■ WHAT NEEDS TO BE DONE
The reply should consist of one number, the count of lines below in which the word "finally" appears.
----- SUPPLIED RECORDS -----
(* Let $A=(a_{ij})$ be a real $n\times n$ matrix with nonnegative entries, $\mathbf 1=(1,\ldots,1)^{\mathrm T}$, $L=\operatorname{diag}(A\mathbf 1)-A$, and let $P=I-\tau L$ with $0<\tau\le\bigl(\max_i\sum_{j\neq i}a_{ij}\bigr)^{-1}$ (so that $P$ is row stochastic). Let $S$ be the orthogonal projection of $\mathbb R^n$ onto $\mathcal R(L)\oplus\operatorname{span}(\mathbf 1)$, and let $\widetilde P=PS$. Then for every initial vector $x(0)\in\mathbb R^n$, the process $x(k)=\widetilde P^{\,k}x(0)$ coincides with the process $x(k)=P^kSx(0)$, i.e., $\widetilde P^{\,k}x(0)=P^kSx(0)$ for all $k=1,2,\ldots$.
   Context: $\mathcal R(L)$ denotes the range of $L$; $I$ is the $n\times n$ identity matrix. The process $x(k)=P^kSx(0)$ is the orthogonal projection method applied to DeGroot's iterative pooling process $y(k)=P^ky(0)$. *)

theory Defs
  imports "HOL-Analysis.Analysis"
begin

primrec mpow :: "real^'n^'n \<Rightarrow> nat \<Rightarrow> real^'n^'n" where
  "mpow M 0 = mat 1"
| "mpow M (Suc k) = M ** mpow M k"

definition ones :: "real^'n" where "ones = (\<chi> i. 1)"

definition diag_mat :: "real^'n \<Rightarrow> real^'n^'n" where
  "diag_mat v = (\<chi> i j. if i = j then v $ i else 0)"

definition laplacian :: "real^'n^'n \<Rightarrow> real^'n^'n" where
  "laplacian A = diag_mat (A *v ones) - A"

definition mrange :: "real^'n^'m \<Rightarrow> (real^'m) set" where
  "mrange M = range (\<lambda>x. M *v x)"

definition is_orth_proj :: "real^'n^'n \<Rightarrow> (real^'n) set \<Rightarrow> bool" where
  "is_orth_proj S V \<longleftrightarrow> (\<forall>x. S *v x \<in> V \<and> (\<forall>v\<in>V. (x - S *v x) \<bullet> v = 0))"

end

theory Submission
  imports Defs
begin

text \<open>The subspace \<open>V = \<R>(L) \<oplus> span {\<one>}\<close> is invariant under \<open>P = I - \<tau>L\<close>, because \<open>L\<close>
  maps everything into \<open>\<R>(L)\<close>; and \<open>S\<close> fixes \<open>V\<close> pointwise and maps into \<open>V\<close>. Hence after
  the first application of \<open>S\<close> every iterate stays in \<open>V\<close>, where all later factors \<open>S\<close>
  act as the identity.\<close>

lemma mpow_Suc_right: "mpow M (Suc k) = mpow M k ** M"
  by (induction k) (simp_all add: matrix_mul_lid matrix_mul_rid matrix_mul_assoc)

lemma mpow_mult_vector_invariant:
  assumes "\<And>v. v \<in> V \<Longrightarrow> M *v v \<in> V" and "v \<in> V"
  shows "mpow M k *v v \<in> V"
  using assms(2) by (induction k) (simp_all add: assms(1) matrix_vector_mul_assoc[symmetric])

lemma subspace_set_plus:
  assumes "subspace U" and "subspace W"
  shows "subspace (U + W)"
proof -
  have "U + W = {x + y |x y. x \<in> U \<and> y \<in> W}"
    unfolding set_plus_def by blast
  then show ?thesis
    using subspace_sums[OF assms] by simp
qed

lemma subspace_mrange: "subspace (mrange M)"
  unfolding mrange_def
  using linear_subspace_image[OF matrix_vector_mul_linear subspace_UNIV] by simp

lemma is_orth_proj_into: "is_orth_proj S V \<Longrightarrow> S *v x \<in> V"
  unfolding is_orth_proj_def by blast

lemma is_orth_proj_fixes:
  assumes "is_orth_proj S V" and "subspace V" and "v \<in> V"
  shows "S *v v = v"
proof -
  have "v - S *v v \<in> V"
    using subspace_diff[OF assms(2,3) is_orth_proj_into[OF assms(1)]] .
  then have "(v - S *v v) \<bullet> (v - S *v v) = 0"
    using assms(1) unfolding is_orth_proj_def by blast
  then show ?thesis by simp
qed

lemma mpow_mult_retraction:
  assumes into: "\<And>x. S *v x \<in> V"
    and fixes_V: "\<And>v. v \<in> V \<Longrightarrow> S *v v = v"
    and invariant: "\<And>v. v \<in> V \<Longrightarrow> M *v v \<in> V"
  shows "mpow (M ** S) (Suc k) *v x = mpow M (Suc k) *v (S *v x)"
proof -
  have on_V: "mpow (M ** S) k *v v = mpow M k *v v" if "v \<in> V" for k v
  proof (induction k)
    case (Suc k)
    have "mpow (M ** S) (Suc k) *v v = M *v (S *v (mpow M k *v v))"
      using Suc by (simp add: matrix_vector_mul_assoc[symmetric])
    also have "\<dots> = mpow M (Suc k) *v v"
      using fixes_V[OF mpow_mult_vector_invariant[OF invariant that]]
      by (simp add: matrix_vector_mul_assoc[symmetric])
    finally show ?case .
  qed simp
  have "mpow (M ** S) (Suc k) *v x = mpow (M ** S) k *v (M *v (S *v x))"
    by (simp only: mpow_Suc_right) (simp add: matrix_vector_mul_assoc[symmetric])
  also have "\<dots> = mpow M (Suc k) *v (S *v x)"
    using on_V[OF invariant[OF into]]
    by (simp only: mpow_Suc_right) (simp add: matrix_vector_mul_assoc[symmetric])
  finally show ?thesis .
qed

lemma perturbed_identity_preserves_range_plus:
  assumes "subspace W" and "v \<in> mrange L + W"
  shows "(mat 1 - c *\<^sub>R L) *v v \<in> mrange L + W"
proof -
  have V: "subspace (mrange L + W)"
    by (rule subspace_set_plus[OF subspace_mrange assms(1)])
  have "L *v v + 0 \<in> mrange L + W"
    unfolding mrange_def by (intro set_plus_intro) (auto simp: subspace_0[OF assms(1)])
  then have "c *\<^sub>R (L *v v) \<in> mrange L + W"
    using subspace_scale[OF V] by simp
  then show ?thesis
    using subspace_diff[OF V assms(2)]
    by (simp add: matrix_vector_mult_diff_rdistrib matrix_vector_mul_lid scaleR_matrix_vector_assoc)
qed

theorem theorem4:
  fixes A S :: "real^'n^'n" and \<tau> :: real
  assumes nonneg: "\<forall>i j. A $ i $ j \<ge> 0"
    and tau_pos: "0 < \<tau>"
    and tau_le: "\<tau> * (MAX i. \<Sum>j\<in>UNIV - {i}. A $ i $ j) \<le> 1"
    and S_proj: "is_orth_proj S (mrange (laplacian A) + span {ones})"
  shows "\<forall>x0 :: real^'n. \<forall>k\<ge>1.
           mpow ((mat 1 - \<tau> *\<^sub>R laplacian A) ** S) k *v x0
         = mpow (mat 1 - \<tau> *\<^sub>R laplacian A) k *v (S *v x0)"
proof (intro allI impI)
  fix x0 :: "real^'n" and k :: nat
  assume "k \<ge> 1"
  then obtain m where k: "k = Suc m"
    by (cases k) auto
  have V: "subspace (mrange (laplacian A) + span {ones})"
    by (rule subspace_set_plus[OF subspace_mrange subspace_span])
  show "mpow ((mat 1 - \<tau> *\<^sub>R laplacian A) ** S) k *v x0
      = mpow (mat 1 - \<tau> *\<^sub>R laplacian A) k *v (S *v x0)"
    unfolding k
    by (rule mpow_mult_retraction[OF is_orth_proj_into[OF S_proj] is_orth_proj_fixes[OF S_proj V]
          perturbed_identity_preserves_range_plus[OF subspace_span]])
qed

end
-----
----- SUPPLIED RECORDS -----
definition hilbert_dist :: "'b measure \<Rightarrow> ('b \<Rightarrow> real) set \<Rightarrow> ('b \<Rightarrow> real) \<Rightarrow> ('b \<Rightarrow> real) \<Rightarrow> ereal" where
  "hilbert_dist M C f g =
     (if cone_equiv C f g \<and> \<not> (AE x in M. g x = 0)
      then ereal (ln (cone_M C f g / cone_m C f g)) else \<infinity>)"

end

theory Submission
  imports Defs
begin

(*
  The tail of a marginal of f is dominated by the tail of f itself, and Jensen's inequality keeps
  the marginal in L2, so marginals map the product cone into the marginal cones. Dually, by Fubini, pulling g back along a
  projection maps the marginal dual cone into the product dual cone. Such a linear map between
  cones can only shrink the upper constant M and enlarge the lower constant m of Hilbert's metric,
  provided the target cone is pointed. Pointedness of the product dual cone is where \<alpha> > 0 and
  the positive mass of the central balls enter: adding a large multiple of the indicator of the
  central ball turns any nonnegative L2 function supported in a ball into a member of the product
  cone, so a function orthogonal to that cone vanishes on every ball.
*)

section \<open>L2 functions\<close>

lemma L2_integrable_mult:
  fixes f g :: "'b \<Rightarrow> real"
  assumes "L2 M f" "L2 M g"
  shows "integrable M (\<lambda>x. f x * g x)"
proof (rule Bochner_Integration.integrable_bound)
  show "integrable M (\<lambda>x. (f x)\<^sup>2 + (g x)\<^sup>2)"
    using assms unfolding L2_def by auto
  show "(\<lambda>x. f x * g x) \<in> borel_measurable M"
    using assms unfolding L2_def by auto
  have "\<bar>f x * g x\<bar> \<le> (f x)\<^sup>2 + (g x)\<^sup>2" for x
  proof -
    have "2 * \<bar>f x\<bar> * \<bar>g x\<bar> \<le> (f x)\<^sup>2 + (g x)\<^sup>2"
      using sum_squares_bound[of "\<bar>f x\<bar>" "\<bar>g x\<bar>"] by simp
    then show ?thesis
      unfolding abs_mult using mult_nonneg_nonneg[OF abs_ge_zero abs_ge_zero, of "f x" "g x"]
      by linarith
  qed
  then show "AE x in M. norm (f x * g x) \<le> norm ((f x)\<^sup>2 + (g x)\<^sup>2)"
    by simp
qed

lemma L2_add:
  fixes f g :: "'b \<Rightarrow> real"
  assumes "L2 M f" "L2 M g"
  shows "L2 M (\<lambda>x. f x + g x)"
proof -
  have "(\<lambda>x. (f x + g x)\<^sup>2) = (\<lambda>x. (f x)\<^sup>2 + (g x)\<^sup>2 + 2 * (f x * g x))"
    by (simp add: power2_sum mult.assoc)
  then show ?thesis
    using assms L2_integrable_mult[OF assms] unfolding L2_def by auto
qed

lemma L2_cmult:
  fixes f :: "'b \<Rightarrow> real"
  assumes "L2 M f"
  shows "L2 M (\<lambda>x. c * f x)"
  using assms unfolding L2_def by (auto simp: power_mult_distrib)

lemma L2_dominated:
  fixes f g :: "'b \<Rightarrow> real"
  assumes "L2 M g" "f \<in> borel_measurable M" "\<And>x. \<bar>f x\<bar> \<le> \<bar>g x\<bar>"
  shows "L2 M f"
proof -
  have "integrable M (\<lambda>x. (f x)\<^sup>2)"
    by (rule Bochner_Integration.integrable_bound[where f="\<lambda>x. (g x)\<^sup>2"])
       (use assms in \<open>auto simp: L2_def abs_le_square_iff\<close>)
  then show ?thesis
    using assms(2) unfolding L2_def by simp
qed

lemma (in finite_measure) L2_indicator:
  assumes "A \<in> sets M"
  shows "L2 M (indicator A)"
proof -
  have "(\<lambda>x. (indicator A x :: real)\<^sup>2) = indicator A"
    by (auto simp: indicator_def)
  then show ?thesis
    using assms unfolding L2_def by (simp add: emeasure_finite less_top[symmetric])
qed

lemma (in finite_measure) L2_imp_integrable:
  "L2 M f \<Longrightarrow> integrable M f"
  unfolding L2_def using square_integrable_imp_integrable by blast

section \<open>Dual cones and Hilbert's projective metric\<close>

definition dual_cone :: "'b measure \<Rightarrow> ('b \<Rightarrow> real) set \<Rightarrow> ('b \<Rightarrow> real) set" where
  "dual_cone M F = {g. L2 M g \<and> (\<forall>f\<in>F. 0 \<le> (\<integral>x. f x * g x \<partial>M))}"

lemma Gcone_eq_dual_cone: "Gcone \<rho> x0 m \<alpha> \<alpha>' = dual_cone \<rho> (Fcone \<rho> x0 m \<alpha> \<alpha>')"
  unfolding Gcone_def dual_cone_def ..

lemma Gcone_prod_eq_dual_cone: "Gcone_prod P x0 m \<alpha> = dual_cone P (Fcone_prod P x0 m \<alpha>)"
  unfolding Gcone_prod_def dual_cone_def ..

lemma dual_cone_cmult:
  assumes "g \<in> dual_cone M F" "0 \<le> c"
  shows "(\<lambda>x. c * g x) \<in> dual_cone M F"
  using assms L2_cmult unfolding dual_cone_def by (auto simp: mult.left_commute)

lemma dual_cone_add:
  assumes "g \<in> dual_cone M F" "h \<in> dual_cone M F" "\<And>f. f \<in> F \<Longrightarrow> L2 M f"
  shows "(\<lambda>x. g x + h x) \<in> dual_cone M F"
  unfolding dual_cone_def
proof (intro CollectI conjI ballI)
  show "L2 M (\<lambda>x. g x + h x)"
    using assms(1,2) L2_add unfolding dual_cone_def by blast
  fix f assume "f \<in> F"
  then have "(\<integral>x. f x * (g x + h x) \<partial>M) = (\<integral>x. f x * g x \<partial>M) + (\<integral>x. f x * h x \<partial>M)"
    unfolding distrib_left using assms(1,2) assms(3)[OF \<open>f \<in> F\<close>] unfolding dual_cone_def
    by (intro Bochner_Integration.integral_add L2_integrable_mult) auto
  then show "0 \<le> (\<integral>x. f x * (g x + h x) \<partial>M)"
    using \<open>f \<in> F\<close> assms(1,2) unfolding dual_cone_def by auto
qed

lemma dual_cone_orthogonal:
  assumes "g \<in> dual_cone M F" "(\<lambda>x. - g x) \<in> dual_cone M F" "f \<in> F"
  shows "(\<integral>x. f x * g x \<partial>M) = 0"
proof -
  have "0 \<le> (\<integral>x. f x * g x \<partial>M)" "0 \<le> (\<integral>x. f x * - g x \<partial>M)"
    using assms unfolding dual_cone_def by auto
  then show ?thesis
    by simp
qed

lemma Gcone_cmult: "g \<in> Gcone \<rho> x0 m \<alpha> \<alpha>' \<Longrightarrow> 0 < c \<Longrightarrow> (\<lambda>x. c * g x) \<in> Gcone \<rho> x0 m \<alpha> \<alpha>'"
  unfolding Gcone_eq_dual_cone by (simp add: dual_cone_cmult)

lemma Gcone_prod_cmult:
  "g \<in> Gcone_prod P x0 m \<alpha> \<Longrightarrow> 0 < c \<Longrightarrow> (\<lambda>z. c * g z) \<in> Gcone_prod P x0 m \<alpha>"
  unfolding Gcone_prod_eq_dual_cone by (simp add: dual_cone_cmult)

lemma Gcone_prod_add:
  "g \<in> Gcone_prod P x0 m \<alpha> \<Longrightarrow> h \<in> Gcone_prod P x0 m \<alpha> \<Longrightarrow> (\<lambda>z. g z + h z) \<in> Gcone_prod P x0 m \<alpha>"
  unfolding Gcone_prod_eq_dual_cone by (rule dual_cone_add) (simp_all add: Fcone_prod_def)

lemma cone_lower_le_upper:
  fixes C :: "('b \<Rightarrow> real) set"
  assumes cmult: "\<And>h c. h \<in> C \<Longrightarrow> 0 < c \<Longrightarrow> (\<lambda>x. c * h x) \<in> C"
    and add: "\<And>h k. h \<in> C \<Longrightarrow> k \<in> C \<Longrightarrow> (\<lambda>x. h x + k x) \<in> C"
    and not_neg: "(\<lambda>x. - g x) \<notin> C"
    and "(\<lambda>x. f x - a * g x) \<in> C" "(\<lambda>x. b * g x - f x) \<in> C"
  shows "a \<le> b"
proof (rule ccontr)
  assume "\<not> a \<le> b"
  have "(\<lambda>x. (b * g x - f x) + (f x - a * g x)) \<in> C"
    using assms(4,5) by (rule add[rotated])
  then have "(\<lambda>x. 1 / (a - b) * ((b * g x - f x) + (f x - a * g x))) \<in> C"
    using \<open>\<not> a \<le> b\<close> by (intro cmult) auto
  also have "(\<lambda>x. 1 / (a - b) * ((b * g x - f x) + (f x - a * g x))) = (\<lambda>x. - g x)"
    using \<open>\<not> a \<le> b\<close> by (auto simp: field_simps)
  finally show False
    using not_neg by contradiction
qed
-----
■ ANSWER
3